- What is being asked
Look through the data below. Collect every line where the word "Longrightarrow" occurs.

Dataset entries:

- - - -

definition Omega_const :: "'n::finite cpt \<Rightarrow> 'n cpt \<Rightarrow> 'n cpt \<Rightarrow> real" where
  "Omega_const u v w = Theta u v w - Theta v u w + Theta w u v"

lemma Omega_eq_Omega_const: "Omega x = Omega_const"
  by (simp add: fun_eq_iff Omega_def ext_d2_def frechet_derivative_Theta Omega_const_def)

lemma Omega_const_linear:
  "linear (\<lambda>u. Omega_const u v w)" "linear (\<lambda>v. Omega_const u v w)"
  "linear (\<lambda>w. Omega_const u v w)"
  unfolding Omega_const_def by (intro linear_compose_add linear_compose_sub Theta_linear)+

lemma Omega_const_alternating:
  "Omega_const u u w = 0" "Omega_const u v v = 0" "Omega_const u v u = 0"
  using Theta_swap[of w u u] Theta_swap[of u v v] Theta_swap[of u v u] Theta_swap[of v u u]
  by (simp_all add: Omega_const_def)

text \<open>\<open>Omega_graph L\<close> is \<open>h\<^sup>*\<Omega>\<close> at a point where \<open>DH = L\<close>.\<close>

definition Omega_graph :: "('n::finite rpt \<Rightarrow> real) \<Rightarrow> 'n rpt \<Rightarrow> 'n rpt \<Rightarrow> 'n rpt \<Rightarrow> real" where
  "Omega_graph L u v w = Omega_const (u, - L u) (v, - L v) (w, - L w)"

lemma linear_graph: "linear L \<Longrightarrow> linear (\<lambda>u. (u, - L u))"
  unfolding linear_iff by (simp add: algebra_simps)

lemma Omega_graph_linear:
  assumes "linear L"
  shows "linear (\<lambda>u. Omega_graph L u v w)" "linear (\<lambda>v. Omega_graph L u v w)"
    "linear (\<lambda>w. Omega_graph L u v w)"
  using linear_compose[OF linear_graph[OF assms] Omega_const_linear(1)]
    linear_compose[OF linear_graph[OF assms] Omega_const_linear(2)]
    linear_compose[OF linear_graph[OF assms] Omega_const_linear(3)]
  by (simp_all add: Omega_graph_def o_def)

lemma Omega_graph_alternating:
  "Omega_graph L u u w = 0" "Omega_graph L u v v = 0" "Omega_graph L u v u = 0"
  by (simp_all add: Omega_graph_def Omega_const_alternating)

lemma has_derivative_hsec:
  "(H has_derivative L) (at x) \<Longrightarrow> (hsec H has_derivative (\<lambda>u. (u, - L u))) (at x)"
  unfolding hsec_def by (auto intro!: derivative_eq_intros)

- - - -

- Solution to the exercise
lemma linear_graph: "linear L \<Longrightarrow> linear (\<lambda>u. (u, - L u))"
  "(H has_derivative L) (at x) \<Longrightarrow> (hsec H has_derivative (\<lambda>u. (u, - L u))) (at x)"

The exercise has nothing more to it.